Collected data:

%%

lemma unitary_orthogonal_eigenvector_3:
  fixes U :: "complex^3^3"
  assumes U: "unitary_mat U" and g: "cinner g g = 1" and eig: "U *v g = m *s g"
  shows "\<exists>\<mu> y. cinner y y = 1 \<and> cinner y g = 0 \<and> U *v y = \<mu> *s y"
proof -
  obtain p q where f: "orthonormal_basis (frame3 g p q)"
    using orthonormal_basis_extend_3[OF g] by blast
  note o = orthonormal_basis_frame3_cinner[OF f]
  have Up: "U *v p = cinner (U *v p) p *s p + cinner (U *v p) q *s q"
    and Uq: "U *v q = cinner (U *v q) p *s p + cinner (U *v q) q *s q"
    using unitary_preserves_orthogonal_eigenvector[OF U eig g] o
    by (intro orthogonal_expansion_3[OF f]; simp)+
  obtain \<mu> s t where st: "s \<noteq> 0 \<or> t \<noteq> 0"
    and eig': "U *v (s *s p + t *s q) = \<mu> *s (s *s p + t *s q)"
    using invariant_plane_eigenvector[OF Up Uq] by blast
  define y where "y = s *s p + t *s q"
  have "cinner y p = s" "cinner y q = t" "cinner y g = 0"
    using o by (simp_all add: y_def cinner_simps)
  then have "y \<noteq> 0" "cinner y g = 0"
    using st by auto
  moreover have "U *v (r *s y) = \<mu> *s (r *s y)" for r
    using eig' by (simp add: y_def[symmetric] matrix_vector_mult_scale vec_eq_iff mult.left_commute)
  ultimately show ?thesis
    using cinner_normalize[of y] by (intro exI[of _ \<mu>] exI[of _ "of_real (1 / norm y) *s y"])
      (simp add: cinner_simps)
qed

%%
%%

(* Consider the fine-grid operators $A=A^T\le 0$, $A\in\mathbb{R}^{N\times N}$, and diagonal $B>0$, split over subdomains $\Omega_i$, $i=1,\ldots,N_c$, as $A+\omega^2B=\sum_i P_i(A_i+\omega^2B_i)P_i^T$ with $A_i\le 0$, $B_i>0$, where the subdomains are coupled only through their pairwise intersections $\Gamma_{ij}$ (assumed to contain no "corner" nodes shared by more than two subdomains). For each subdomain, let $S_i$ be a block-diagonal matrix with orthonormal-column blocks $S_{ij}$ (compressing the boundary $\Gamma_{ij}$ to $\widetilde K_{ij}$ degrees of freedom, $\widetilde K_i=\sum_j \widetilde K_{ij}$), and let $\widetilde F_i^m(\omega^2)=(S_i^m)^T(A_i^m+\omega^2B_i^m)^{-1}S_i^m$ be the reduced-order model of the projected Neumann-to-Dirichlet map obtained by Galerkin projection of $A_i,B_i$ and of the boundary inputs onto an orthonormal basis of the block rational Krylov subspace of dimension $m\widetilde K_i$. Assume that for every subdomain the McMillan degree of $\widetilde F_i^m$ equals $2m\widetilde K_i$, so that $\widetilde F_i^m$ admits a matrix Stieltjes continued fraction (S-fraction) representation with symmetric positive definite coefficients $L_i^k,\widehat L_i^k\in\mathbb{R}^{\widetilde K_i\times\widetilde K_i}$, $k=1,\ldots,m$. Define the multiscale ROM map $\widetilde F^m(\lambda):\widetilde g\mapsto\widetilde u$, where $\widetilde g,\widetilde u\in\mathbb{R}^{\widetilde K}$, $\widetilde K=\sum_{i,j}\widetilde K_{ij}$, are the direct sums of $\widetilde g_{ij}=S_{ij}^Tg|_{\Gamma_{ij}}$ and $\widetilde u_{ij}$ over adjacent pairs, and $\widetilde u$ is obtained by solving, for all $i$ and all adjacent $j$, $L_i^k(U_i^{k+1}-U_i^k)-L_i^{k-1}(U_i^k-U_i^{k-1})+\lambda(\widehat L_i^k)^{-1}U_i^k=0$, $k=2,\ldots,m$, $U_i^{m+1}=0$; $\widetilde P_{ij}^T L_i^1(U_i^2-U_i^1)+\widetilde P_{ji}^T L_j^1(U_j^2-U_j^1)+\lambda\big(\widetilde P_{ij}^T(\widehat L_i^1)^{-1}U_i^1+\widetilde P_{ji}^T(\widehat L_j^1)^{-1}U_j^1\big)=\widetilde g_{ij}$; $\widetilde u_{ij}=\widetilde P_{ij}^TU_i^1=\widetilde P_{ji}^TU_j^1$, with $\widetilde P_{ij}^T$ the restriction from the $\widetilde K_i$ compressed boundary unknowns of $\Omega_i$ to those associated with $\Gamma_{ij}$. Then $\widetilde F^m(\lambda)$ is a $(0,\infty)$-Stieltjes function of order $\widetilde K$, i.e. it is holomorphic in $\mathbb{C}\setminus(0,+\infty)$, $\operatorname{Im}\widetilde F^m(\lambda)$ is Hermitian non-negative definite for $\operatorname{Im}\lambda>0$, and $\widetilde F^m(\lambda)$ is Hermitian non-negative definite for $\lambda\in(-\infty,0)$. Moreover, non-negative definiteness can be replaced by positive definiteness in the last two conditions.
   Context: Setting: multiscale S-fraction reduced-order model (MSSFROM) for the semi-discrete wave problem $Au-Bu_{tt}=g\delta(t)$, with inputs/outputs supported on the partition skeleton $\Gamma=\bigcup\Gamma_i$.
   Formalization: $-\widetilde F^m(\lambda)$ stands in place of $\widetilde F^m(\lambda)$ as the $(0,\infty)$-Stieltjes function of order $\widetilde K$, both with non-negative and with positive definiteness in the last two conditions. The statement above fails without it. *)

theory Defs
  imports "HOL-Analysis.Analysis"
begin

%%
%%

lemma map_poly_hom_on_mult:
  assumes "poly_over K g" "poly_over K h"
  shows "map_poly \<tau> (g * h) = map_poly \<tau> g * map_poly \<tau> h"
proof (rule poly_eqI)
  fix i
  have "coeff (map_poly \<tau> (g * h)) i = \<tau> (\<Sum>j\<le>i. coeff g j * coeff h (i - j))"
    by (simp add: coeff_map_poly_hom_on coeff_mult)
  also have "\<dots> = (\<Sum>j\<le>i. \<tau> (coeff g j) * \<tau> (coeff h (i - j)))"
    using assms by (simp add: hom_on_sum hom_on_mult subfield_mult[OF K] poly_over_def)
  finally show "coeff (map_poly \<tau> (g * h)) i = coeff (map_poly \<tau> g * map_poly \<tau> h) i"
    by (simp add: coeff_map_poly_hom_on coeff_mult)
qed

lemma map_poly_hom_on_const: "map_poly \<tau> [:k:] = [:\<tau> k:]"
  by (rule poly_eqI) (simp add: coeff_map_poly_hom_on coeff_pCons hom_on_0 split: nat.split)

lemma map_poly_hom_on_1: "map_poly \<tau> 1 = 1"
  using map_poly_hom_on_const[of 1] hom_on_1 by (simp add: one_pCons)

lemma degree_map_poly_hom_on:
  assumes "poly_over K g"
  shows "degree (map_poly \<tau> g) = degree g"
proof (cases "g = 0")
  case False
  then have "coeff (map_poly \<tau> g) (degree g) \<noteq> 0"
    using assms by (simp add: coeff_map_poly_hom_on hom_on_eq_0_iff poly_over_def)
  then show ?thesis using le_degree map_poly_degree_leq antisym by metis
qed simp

%%

WHAT NEEDS TO BE DONE:
Copy the entries above exactly, but only from the line holding "q = cinner (U" through the line holding "using o by (simp_all", both included.

OUTPUT:
    and Uq: "U *v q = cinner (U *v q) p *s p + cinner (U *v q) q *s q"
    using unitary_preserves_orthogonal_eigenvector[OF U eig g] o
    by (intro orthogonal_expansion_3[OF f]; simp)+
  obtain \<mu> s t where st: "s \<noteq> 0 \<or> t \<noteq> 0"
    and eig': "U *v (s *s p + t *s q) = \<mu> *s (s *s p + t *s q)"
    using invariant_plane_eigenvector[OF Up Uq] by blast
  define y where "y = s *s p + t *s q"
  have "cinner y p = s" "cinner y q = t" "cinner y g = 0"
    using o by (simp_all add: y_def cinner_simps)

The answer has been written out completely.